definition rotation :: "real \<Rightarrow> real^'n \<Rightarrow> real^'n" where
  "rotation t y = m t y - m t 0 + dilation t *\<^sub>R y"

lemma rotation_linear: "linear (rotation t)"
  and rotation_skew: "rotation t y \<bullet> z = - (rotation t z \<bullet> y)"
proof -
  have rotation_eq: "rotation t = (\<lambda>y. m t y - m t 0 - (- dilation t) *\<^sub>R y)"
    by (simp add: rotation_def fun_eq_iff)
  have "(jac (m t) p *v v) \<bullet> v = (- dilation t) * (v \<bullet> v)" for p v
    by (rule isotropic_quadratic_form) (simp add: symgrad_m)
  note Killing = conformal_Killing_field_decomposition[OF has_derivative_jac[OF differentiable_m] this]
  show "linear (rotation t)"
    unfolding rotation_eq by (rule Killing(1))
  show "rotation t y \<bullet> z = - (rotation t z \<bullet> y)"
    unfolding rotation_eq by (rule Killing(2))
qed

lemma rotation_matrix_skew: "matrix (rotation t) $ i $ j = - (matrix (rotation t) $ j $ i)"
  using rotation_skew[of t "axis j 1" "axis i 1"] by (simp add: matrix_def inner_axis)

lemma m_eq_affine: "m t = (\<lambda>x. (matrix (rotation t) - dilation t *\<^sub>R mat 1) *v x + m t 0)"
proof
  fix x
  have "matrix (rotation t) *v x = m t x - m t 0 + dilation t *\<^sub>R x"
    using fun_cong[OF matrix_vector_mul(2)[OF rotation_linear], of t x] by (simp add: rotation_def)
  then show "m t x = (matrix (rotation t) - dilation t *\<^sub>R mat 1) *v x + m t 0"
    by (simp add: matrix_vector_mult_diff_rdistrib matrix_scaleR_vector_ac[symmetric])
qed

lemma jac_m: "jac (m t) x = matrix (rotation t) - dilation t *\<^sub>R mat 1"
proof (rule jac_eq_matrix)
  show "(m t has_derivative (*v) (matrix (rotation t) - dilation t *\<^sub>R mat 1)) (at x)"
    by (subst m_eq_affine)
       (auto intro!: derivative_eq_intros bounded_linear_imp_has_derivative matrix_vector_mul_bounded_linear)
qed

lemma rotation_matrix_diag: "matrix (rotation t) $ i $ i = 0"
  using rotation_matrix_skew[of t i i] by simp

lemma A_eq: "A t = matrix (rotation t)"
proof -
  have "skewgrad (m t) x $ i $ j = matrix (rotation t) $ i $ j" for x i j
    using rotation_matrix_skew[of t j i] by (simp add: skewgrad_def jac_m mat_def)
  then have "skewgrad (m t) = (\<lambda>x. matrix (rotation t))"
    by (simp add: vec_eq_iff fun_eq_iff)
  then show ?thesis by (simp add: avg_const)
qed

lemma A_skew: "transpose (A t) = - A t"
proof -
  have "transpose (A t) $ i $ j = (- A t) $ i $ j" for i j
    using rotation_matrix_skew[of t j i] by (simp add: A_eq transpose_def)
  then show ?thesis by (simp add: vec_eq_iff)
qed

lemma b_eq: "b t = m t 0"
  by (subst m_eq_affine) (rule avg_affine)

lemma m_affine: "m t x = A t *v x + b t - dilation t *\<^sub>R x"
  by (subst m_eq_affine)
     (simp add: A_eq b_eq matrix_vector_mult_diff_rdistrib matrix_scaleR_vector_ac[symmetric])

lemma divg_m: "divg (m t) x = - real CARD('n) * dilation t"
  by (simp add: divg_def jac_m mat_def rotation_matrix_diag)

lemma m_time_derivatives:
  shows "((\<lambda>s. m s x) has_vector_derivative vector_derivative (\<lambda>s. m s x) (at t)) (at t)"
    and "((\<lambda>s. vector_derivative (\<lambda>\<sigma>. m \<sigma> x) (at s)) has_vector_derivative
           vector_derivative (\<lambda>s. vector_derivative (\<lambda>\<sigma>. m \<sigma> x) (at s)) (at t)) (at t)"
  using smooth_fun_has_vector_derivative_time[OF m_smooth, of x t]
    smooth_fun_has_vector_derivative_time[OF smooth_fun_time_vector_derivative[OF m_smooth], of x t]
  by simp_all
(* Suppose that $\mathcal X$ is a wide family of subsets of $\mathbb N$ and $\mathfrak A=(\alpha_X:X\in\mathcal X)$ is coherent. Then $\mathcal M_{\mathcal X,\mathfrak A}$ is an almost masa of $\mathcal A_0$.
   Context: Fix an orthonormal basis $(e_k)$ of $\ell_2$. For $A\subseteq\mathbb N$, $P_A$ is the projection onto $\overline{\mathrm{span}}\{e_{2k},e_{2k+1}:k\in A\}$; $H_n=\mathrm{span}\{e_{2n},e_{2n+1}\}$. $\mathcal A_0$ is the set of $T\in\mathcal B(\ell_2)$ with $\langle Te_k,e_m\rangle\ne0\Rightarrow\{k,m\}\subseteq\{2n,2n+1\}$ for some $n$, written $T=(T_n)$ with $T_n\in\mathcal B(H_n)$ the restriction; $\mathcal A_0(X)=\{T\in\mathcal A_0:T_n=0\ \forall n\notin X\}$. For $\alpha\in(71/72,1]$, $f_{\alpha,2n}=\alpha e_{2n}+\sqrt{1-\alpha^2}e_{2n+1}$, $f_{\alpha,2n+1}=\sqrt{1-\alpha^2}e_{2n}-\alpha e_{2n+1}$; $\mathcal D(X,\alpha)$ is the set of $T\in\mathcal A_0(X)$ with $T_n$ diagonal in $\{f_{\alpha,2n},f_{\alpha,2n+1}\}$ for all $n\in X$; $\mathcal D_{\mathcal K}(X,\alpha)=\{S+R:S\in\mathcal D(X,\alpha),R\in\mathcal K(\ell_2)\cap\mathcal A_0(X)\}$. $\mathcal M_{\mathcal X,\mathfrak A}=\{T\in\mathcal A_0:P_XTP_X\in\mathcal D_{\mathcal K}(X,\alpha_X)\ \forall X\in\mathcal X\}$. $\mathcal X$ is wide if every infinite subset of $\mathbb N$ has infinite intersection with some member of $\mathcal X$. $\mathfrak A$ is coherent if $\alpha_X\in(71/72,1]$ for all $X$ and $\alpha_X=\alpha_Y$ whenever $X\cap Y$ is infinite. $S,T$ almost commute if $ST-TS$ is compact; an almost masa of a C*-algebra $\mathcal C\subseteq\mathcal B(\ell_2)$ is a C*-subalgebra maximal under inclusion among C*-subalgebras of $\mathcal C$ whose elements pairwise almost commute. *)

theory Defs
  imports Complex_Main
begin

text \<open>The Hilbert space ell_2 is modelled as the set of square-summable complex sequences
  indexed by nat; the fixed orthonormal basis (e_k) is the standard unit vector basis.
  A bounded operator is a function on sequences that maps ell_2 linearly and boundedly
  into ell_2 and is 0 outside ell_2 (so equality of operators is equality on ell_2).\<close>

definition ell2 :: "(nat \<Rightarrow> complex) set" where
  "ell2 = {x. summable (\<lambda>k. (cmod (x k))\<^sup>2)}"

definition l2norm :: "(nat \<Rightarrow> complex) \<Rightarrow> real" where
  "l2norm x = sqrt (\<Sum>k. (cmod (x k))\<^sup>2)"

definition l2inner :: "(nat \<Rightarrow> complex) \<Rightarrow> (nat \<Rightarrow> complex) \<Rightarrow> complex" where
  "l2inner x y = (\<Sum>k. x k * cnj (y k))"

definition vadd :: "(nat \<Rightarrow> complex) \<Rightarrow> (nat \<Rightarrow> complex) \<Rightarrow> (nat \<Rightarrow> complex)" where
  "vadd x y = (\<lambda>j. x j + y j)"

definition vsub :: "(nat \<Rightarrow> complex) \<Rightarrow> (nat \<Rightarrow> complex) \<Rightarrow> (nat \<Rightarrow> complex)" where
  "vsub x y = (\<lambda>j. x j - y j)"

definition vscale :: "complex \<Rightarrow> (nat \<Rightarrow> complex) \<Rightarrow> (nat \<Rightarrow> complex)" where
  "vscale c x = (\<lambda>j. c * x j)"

#####

What you have to do
Starting at the line that contains "imports Complex_Main", retype each line through the last one in the records, both included, and add nothing.

Reply
  imports Complex_Main
begin

text \<open>The Hilbert space ell_2 is modelled as the set of square-summable complex sequences
  indexed by nat; the fixed orthonormal basis (e_k) is the standard unit vector basis.
  A bounded operator is a function on sequences that maps ell_2 linearly and boundedly
  into ell_2 and is 0 outside ell_2 (so equality of operators is equality on ell_2).\<close>

definition ell2 :: "(nat \<Rightarrow> complex) set" where
  "ell2 = {x. summable (\<lambda>k. (cmod (x k))\<^sup>2)}"

definition l2norm :: "(nat \<Rightarrow> complex) \<Rightarrow> real" where
  "l2norm x = sqrt (\<Sum>k. (cmod (x k))\<^sup>2)"

definition l2inner :: "(nat \<Rightarrow> complex) \<Rightarrow> (nat \<Rightarrow> complex) \<Rightarrow> complex" where
  "l2inner x y = (\<Sum>k. x k * cnj (y k))"

definition vadd :: "(nat \<Rightarrow> complex) \<Rightarrow> (nat \<Rightarrow> complex) \<Rightarrow> (nat \<Rightarrow> complex)" where
  "vadd x y = (\<lambda>j. x j + y j)"

definition vsub :: "(nat \<Rightarrow> complex) \<Rightarrow> (nat \<Rightarrow> complex) \<Rightarrow> (nat \<Rightarrow> complex)" where
  "vsub x y = (\<lambda>j. x j - y j)"

definition vscale :: "complex \<Rightarrow> (nat \<Rightarrow> complex) \<Rightarrow> (nat \<Rightarrow> complex)" where
  "vscale c x = (\<lambda>j. c * x j)"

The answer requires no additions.